It looks like dbus-daemon has hit the limit for open files:

    eg> ulimit -n
    1024

This looks like a report of the same problem:

    https://bugs.launchpad.net/ubuntu/+source/dbus/+bug/381063

This report includes a suggested work-around:  increasing the limit on open
files.  This seems like a questionable idea, since dbus doesn't normally come
anywhere close to the limit.

I looked for other applications that had a lot of open files open, and found
that "kpackagekitsmarticon" had 976.  This seems to be an applet that sits in
the system tray at tells you if software updates are available.  I killed the
applet, and found that dbus-daemon returned to normal.

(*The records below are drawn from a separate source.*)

(* Let $n\ge0$ and $m\ge n+2$. Then $L_n^{n+1}=L_n^m$, i.e. for every set of formulas $\Gamma$ and formula $\alpha$, $\Gamma\vdash_{L_n^{n+1}}\alpha$ iff $\Gamma\vdash_{L_n^m}\alpha$.
   Context: Formulas are built from a countable set of propositional variables using unary $\neg,\circ$ and binary $\land,\lor,\to$; $\circ^0\alpha=\alpha$, $\circ^{m+1}\alpha=\circ(\circ^m\alpha)$, $\alpha\leftrightarrow\beta:=(\alpha\to\beta)\land(\beta\to\alpha)$. mbC is the Hilbert calculus with the axiom schemas of a standard axiomatization of positive classical propositional logic in $\land,\lor,\to$, plus (TND) $\alpha\lor\neg\alpha$ and (bc1) $\circ\alpha\to(\alpha\to(\neg\alpha\to\beta))$, modus ponens being the only rule; mbCciw is mbC plus (ciw) $\circ\alpha\lor(\alpha\land\neg\alpha)$. For $n\ge0$, $k\ge1$, $L_n^k$ is mbCciw plus (cc$^n$) $\circ^{n+2}\alpha$, (dn) $\neg\neg\alpha\leftrightarrow\alpha$, and (ip$^j$) $\neg\circ^j\neg\alpha\leftrightarrow\neg\circ^j\alpha$ for each $1\le j<k$. $\Gamma\vdash_L\alpha$ denotes derivability of $\alpha$ from $\Gamma$ in $L$. *)

theory Defs
  imports Main
begin

datatype fm =
    Var nat
  | Neg fm
  | Circ fm
  | Conj fm fm
  | Disj fm fm
  | Imp fm fm

definition Iff :: "fm \<Rightarrow> fm \<Rightarrow> fm" where
  "Iff a b = Conj (Imp a b) (Imp b a)"

primrec circ_pow :: "nat \<Rightarrow> fm \<Rightarrow> fm" where
  "circ_pow 0 a = a"
| "circ_pow (Suc m) a = Circ (circ_pow m a)"

inductive pos_ax :: "fm \<Rightarrow> bool" where
  Ax1: "pos_ax (Imp a (Imp b a))"
| Ax2: "pos_ax (Imp (Imp a b) (Imp (Imp a (Imp b c)) (Imp a c)))"
| Ax3: "pos_ax (Imp a (Imp b (Conj a b)))"
| Ax4: "pos_ax (Imp (Conj a b) a)"
| Ax5: "pos_ax (Imp (Conj a b) b)"
| Ax6: "pos_ax (Imp a (Disj a b))"
| Ax7: "pos_ax (Imp b (Disj a b))"
| Ax8: "pos_ax (Imp (Imp a c) (Imp (Imp b c) (Imp (Disj a b) c)))"
| Ax9: "pos_ax (Disj a (Imp a b))"

inductive mbCciw_ax :: "fm \<Rightarrow> bool" where
  pos: "pos_ax a \<Longrightarrow> mbCciw_ax a"
| TND: "mbCciw_ax (Disj a (Neg a))"
| bc1: "mbCciw_ax (Imp (Circ a) (Imp a (Imp (Neg a) b)))"
| ciw: "mbCciw_ax (Disj (Circ a) (Conj a (Neg a)))"

inductive L_ax :: "nat \<Rightarrow> nat \<Rightarrow> fm \<Rightarrow> bool" where
  base: "mbCciw_ax a \<Longrightarrow> L_ax n k a"
| cc: "L_ax n k (circ_pow (n + 2) a)"
| dn: "L_ax n k (Iff (Neg (Neg a)) a)"
| ip: "1 \<le> j \<Longrightarrow> j < k \<Longrightarrow>
        L_ax n k (Iff (Neg (circ_pow j (Neg a))) (Neg (circ_pow j a)))"

inductive derives :: "nat \<Rightarrow> nat \<Rightarrow> fm set \<Rightarrow> fm \<Rightarrow> bool" where
  hyp: "a \<in> \<Gamma> \<Longrightarrow> derives n k \<Gamma> a"
| ax: "L_ax n k a \<Longrightarrow> derives n k \<Gamma> a"
| mp: "derives n k \<Gamma> a \<Longrightarrow> derives n k \<Gamma> (Imp a b) \<Longrightarrow> derives n k \<Gamma> b"

end

theory Submission
  imports Defs
begin

text \<open>Every axiom of \<open>L_n^m\<close> is derivable in \<open>L_n^(n+1)\<close>; only the extra instances
  \<open>ip^j\<close> with \<open>j \<ge> n + 1\<close> need work. In any \<open>L_n^k\<close> the axiom \<open>dn\<close> gives
  \<open>\<circ>\<not>\<alpha> \<leftrightarrow> \<circ>\<alpha>\<close>, and the axioms \<open>ip^j\<close> (\<open>j < k\<close>) propagate this to
  \<open>\<circ>^j \<not>\<alpha> \<leftrightarrow> \<circ>^j \<alpha>\<close> for \<open>1 \<le> j \<le> k\<close>, because by (ciw) and (bc1) two formulas
  whose contradictions are interderivable are equally consistent. For \<open>k = n + 1\<close> and
  \<open>j \<ge> n + 1\<close> the formulas \<open>\<circ>^j \<not>\<alpha>\<close> and \<open>\<circ>^j \<alpha>\<close> are consistent by \<open>cc^n\<close>, and
  between consistent formulas an equivalence can be contraposed, which is \<open>ip^j\<close>.\<close>

lemma circ_pow_add: "circ_pow (i + j) a = circ_pow i (circ_pow j a)"
  by (induction i) auto

lemma derives_mono: "derives n k \<Gamma> a \<Longrightarrow> \<Gamma> \<subseteq> \<Delta> \<Longrightarrow> derives n k \<Delta> a"
  by (induction rule: derives.induct) (auto intro: derives.intros)

lemma derives_weaken: "derives n k \<Gamma> a \<Longrightarrow> derives n k (insert b \<Gamma>) a"
  by (erule derives_mono) auto

lemma derives_assm: "derives n k (insert a \<Gamma>) a"
  by (rule derives.hyp) simp

lemma derives_mbCciw_ax: "mbCciw_ax a \<Longrightarrow> derives n k \<Gamma> a"
  by (intro derives.ax L_ax.base)

lemma derives_pos_ax: "pos_ax a \<Longrightarrow> derives n k \<Gamma> a"
  by (intro derives_mbCciw_ax mbCciw_ax.pos)

lemma derives_MP: "derives n k \<Gamma> (Imp a b) \<Longrightarrow> derives n k \<Gamma> a \<Longrightarrow> derives n k \<Gamma> b"
  by (rule derives.mp)

lemma derives_Imp_refl: "derives n k \<Gamma> (Imp a a)"
proof -
  have "derives n k \<Gamma> (Imp (Imp a (Imp a a)) (Imp (Imp a (Imp (Imp a a) a)) (Imp a a)))"
    and "derives n k \<Gamma> (Imp a (Imp a a))"
    and "derives n k \<Gamma> (Imp a (Imp (Imp a a) a))"
    by (intro derives_pos_ax pos_ax.intros)+
  then show ?thesis
    by (blast intro: derives_MP)
qed

lemma derives_ImpI: "derives n k (insert a \<Gamma>) b \<Longrightarrow> derives n k \<Gamma> (Imp a b)"
proof (induction n k "insert a \<Gamma>" b rule: derives.induct)
  case (hyp b n k)
  show ?case
  proof (cases "b = a")
    case True
    then show ?thesis by (simp add: derives_Imp_refl)
  next
    case False
    with hyp have "derives n k \<Gamma> b" by (auto intro: derives.hyp)
    then show ?thesis by (rule derives_MP[OF derives_pos_ax[OF pos_ax.Ax1]])
  qed
next
  case (ax n k b)
  then show ?case by (rule derives_MP[OF derives_pos_ax[OF pos_ax.Ax1] derives.ax])
next
  case (mp n k b c)
  then show ?case using derives_MP[OF derives_MP[OF derives_pos_ax[OF pos_ax.Ax2]]] by blast
qed

lemma derives_ImpE: "derives n k \<Gamma> (Imp a b) \<Longrightarrow> derives n k (insert a \<Gamma>) b"
  by (rule derives_MP[OF derives_weaken derives_assm])

lemma derives_ConjI:
  "derives n k \<Gamma> a \<Longrightarrow> derives n k \<Gamma> b \<Longrightarrow> derives n k \<Gamma> (Conj a b)"
  by (rule derives_MP[OF derives_MP[OF derives_pos_ax[OF pos_ax.Ax3]]])

lemma derives_ConjD1: "derives n k \<Gamma> (Conj a b) \<Longrightarrow> derives n k \<Gamma> a"
  by (rule derives_MP[OF derives_pos_ax[OF pos_ax.Ax4]])

lemma derives_ConjD2: "derives n k \<Gamma> (Conj a b) \<Longrightarrow> derives n k \<Gamma> b"
  by (rule derives_MP[OF derives_pos_ax[OF pos_ax.Ax5]])

lemma derives_IffI:
  "derives n k \<Gamma> (Imp a b) \<Longrightarrow> derives n k \<Gamma> (Imp b a) \<Longrightarrow> derives n k \<Gamma> (Iff a b)"
  unfolding Iff_def by (rule derives_ConjI)

lemma derives_IffD1: "derives n k \<Gamma> (Iff a b) \<Longrightarrow> derives n k \<Gamma> (Imp a b)"
  unfolding Iff_def by (rule derives_ConjD1)

lemma derives_IffD2: "derives n k \<Gamma> (Iff a b) \<Longrightarrow> derives n k \<Gamma> (Imp b a)"
  unfolding Iff_def by (rule derives_ConjD2)

lemma derives_DisjE:
  assumes "derives n k \<Gamma> (Disj a b)"
    and "derives n k (insert a \<Gamma>) c" and "derives n k (insert b \<Gamma>) c"
  shows "derives n k \<Gamma> c"
  using derives_MP[OF derives_MP[OF derives_MP[OF derives_pos_ax[OF pos_ax.Ax8]]]]
    assms derives_ImpI by blast

lemma derives_explosion:
  "derives n k \<Gamma> (Circ a) \<Longrightarrow> derives n k \<Gamma> a \<Longrightarrow> derives n k \<Gamma> (Neg a) \<Longrightarrow> derives n k \<Gamma> b"
  by (rule derives_MP[OF derives_MP[OF derives_MP[OF derives_mbCciw_ax[OF mbCciw_ax.bc1]]]])

text \<open>By (ciw), \<open>b\<close> is either consistent or contradictory, and in the latter case the
  contradiction on \<open>a\<close> explodes against \<open>\<circ>a\<close> by (bc1).\<close>

lemma derives_Circ_transfer:
  assumes "derives n k (insert b (insert (Neg b) \<Gamma>)) a"
    and "derives n k (insert b (insert (Neg b) \<Gamma>)) (Neg a)"
  shows "derives n k \<Gamma> (Imp (Circ a) (Circ b))"
proof (rule derives_ImpI)
  let ?\<Delta> = "insert (Circ a) \<Gamma>"
  have "derives n k ?\<Delta> (Disj (Circ b) (Conj b (Neg b)))"
    by (intro derives_mbCciw_ax mbCciw_ax.ciw)
  then show "derives n k ?\<Delta> (Circ b)"
  proof (rule derives_DisjE)
    show "derives n k (insert (Circ b) ?\<Delta>) (Circ b)"
      by (rule derives_assm)
  next
    let ?\<Theta> = "insert (Conj b (Neg b)) ?\<Delta>"
    have b: "derives n k ?\<Theta> b" and nb: "derives n k ?\<Theta> (Neg b)"
      by (auto intro: derives_ConjD1 derives_ConjD2 derives_assm)
    have "derives n k ?\<Theta> (Imp (Neg b) (Imp b c))"
      if "derives n k (insert b (insert (Neg b) \<Gamma>)) c" for c
      using derives_ImpI[OF derives_ImpI[OF that]] by (rule derives_mono) auto
    then have "derives n k ?\<Theta> a" and "derives n k ?\<Theta> (Neg a)"
      using assms derives_MP[OF derives_MP[OF _ nb] b] by blast+
    moreover have "derives n k ?\<Theta> (Circ a)"
      by (auto intro: derives.hyp)
    ultimately show "derives n k ?\<Theta> (Circ b)"
      by (rule derives_explosion[rotated])
  qed
qed

lemma derives_Circ_cong:
  assumes "derives n k \<Gamma> (Iff a b)" and "derives n k \<Gamma> (Iff (Neg a) (Neg b))"
  shows "derives n k \<Gamma> (Iff (Circ a) (Circ b))"
proof (rule derives_IffI)
  let ?\<Delta> = "\<lambda>c. insert c (insert (Neg c) \<Gamma>)"
  have "derives n k (?\<Delta> b) a"
    using derives_ImpE[OF derives_IffD2[OF assms(1)]] by (rule derives_mono) auto
  moreover have "derives n k (?\<Delta> b) (Neg a)"
    using derives_ImpE[OF derives_IffD2[OF assms(2)]] by (rule derives_mono) auto
  ultimately show "derives n k \<Gamma> (Imp (Circ a) (Circ b))"
    by (rule derives_Circ_transfer)
  have "derives n k (?\<Delta> a) b"
    using derives_ImpE[OF derives_IffD1[OF assms(1)]] by (rule derives_mono) auto
  moreover have "derives n k (?\<Delta> a) (Neg b)"
    using derives_ImpE[OF derives_IffD1[OF assms(2)]] by (rule derives_mono) auto
  ultimately show "derives n k \<Gamma> (Imp (Circ b) (Circ a))"
    by (rule derives_Circ_transfer)
qed

lemma derives_contrapos_Circ:
  assumes "derives n k \<Gamma> (Imp a b)" and "derives n k \<Gamma> (Circ b)"
  shows "derives n k \<Gamma> (Imp (Neg b) (Neg a))"
proof (rule derives_ImpI)
  have "derives n k (insert (Neg b) \<Gamma>) (Disj a (Neg a))"
    by (intro derives_mbCciw_ax mbCciw_ax.TND)
  then show "derives n k (insert (Neg b) \<Gamma>) (Neg a)"
  proof (rule derives_DisjE)
    let ?\<Delta> = "insert a (insert (Neg b) \<Gamma>)"
    have "derives n k ?\<Delta> b" and "derives n k ?\<Delta> (Neg b)" and "derives n k ?\<Delta> (Circ b)"
      using assms by (auto intro: derives.hyp derives_ImpE derives_mono)
    then show "derives n k ?\<Delta> (Neg a)"
      by (rule derives_explosion[rotated])
  qed (rule derives_assm)
qed

lemma derives_Neg_cong_Circ:
  assumes "derives n k \<Gamma> (Iff a b)"
    and "derives n k \<Gamma> (Circ a)" and "derives n k \<Gamma> (Circ b)"
  shows "derives n k \<Gamma> (Iff (Neg a) (Neg b))"
  using derives_contrapos_Circ[OF derives_IffD2[OF assms(1)] assms(2)]
    derives_contrapos_Circ[OF derives_IffD1[OF assms(1)] assms(3)]
  by (rule derives_IffI)

lemma derives_Circ_Neg_iff: "derives n k \<Gamma> (Iff (Circ (Neg a)) (Circ a))"
proof (rule derives_IffI)
  have dn: "derives n k \<Gamma> (Iff (Neg (Neg a)) a)"
    by (intro derives.ax L_ax.dn)
  have "derives n k (insert a (insert (Neg a) \<Gamma>)) (Neg (Neg a))"
    using derives_ImpE[OF derives_IffD2[OF dn]] by (rule derives_mono) auto
  with derives_weaken[OF derives_assm]
  show "derives n k \<Gamma> (Imp (Circ (Neg a)) (Circ a))"
    by (rule derives_Circ_transfer)
  have "derives n k (insert (Neg a) (insert (Neg (Neg a)) \<Gamma>)) a"
    using derives_ImpE[OF derives_IffD1[OF dn]] by (rule derives_mono) auto
  then show "derives n k \<Gamma> (Imp (Circ a) (Circ (Neg a)))"
    using derives_assm by (rule derives_Circ_transfer)
qed

lemma derives_circ_pow_Neg_iff:
  assumes "1 \<le> i" and "i \<le> k"
  shows "derives n k \<Gamma> (Iff (circ_pow i (Neg a)) (circ_pow i a))"
  using assms
proof (induction i rule: nat_induct_at_least)
  case base
  then show ?case by (simp add: derives_Circ_Neg_iff)
next
  case (Suc i)
  have "derives n k \<Gamma> (Iff (Neg (circ_pow i (Neg a))) (Neg (circ_pow i a)))"
    using Suc by (intro derives.ax L_ax.ip) auto
  with Suc show ?case
    by (simp add: derives_Circ_cong)
qed

lemma derives_circ_pow_cc:
  assumes "n + 2 \<le> j"
  shows "derives n k \<Gamma> (circ_pow j a)"
proof -
  have "circ_pow j a = circ_pow (n + 2) (circ_pow (j - (n + 2)) a)"
    using assms by (simp only: circ_pow_add[symmetric] le_add_diff_inverse)
  then show ?thesis
    using derives.ax[OF L_ax.cc] by metis
qed

lemma derives_ip_from_cc:
  assumes "n + 1 \<le> j"
  shows "derives n (n + 1) \<Gamma> (Iff (Neg (circ_pow j (Neg a))) (Neg (circ_pow j a)))"
proof -
  have consistent: "derives n (n + 1) \<Gamma> (Circ (circ_pow j b))" for b
    using derives_circ_pow_cc[of n "Suc j"] assms by simp
  have "derives n (n + 1) \<Gamma> (Iff (circ_pow j (Neg a)) (circ_pow j a))"
  proof (cases "j = n + 1")
    case True
    then show ?thesis using derives_circ_pow_Neg_iff[of j "n + 1"] by simp
  next
    case False
    then have "derives n (n + 1) \<Gamma> (circ_pow j b)" for b
      using assms by (simp add: derives_circ_pow_cc)
    then show ?thesis
      by (intro derives_IffI derives_ImpI derives_weaken)
  qed
  then show ?thesis
    using consistent consistent by (rule derives_Neg_cong_Circ)
qed

lemma derives_Suc_level_L_ax: "L_ax n k a \<Longrightarrow> derives n (n + 1) \<Gamma> a"
proof (induction rule: L_ax.induct)
  case (ip j k n a)
  show ?case
  proof (cases "j < n + 1")
    case True
    with ip show ?thesis by (intro derives.ax L_ax.ip)
  next
    case False
    then show ?thesis by (intro derives_ip_from_cc) simp
  qed
qed (intro derives.ax L_ax.intros; assumption)+

lemma L_ax_ip_mono: "L_ax n k a \<Longrightarrow> k \<le> m \<Longrightarrow> L_ax n m a"
proof (induction rule: L_ax.induct)
  case (ip j k n a)
  then show ?case by (simp add: L_ax.ip)
qed (intro L_ax.intros; assumption)+

lemma derives_by_derivable_axioms:
  "derives n k \<Gamma> a \<Longrightarrow> (\<And>b. L_ax n k b \<Longrightarrow> derives n m \<Gamma> b) \<Longrightarrow> derives n m \<Gamma> a"
proof (induction rule: derives.induct)
  case hyp
  then show ?case by (simp add: derives.hyp)
next
  case ax
  then show ?case by blast
next
  case (mp n k \<Gamma> a b)
  then have "derives n m \<Gamma> a" and "derives n m \<Gamma> (Imp a b)"
    by blast+
  then show ?case by (rule derives.mp)
qed

theorem theorem28:
  fixes n m :: nat
  assumes "m \<ge> n + 2"
  shows "\<forall>\<Gamma> \<alpha>. derives n (n + 1) \<Gamma> \<alpha> \<longleftrightarrow> derives n m \<Gamma> \<alpha>"
proof (intro allI iffI)
  fix \<Gamma> \<alpha>
  have "n + 1 \<le> m"
    using assms by simp
  then show "derives n m \<Gamma> \<alpha>" if "derives n (n + 1) \<Gamma> \<alpha>"
    using that by (auto intro: derives_by_derivable_axioms derives.ax L_ax_ip_mono)
  show "derives n (n + 1) \<Gamma> \<alpha>" if "derives n m \<Gamma> \<alpha>"
    using that by (rule derives_by_derivable_axioms) (rule derives_Suc_level_L_ax)
qed

end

I'm not sure if the problem is with dbus-daemon, kpackagekitsmarticon, or some
interaction between the two.  Perhaps other applications can open too many dbus
connections.  For the time being, my workaround is to uninstall kpackagekit.

Found another report that confirms a problem with kpackagekitsmarticon here:

    https://bugzilla.redhat.com/show_bug.cgi?id=667787
Comment 5 Warren Jones 2011-02-18 00:53:18 UTC
After running more or less normally for 24 hours, kpackagekitsmarticon starts opening a new socket every six minutes.  At that rate, it will take about four days to reach the ulimit of 1024 open file descriptors (and so will dbus-daemon, which is connected to each of those sockets).
Comment 6 Christoph Feck 2011-02-18 01:06:19 UTC
Thanks for the information. Hopefully the KPackageKit maintainers can reproduce the problem and find a fix.
Comment 7 Warren Jones 2011-02-18 01:19:43 UTC
The bug in kpackagekitsmarticon has been reported here:

     https://bugs.kde.org/show_bug.cgi?id=266213

It's clear that the primary bug is in kpackagekit, but would it be reasonable for dbus-daemon to limit the number of connections it allows from any one process?  Or perhaps dbus-daemon could selectively close connections when it gets starts getting EMFILE errors?
Comment 8 Christoph Feck 2011-02-18 01:31:19 UTC
Sure, please report that to the D-Bus developers. See comment #3 for the link.
Comment 9 michel kollenhoven 2011-04-22 16:25:07 UTC
hi i want to say 3 things: 
1. ill report for dbus
2. this bug is now verified(only change name to kpackagekitsmarticon open too many files
3. i use this line to find the prosess that have manny open files
ls /proc/| awk '{if($1+0==0) print "  "; else system("echo `ls /proc/"$1+0"/fd|wc -l` "$1" `cat /proc/"$1+0"/cmdline` ")}' | sort -nr | head
top has most open files, 
format files | pid | cmdline
Comment 10 Daniel Nicoletti 2011-05-27 13:58:34 UTC
After digging a bit on this the cause was actually easy to find, KStatusNotifierItem does not properly releases it's connection to DBus.
When I comment the code that creates a KStatusNotifierItem and then deletes it I see that the socket list keeps growing one for each KStatusNotifierItem. When I remove the code that creates a KStatusNotifierItem the FDs don't grow anymore.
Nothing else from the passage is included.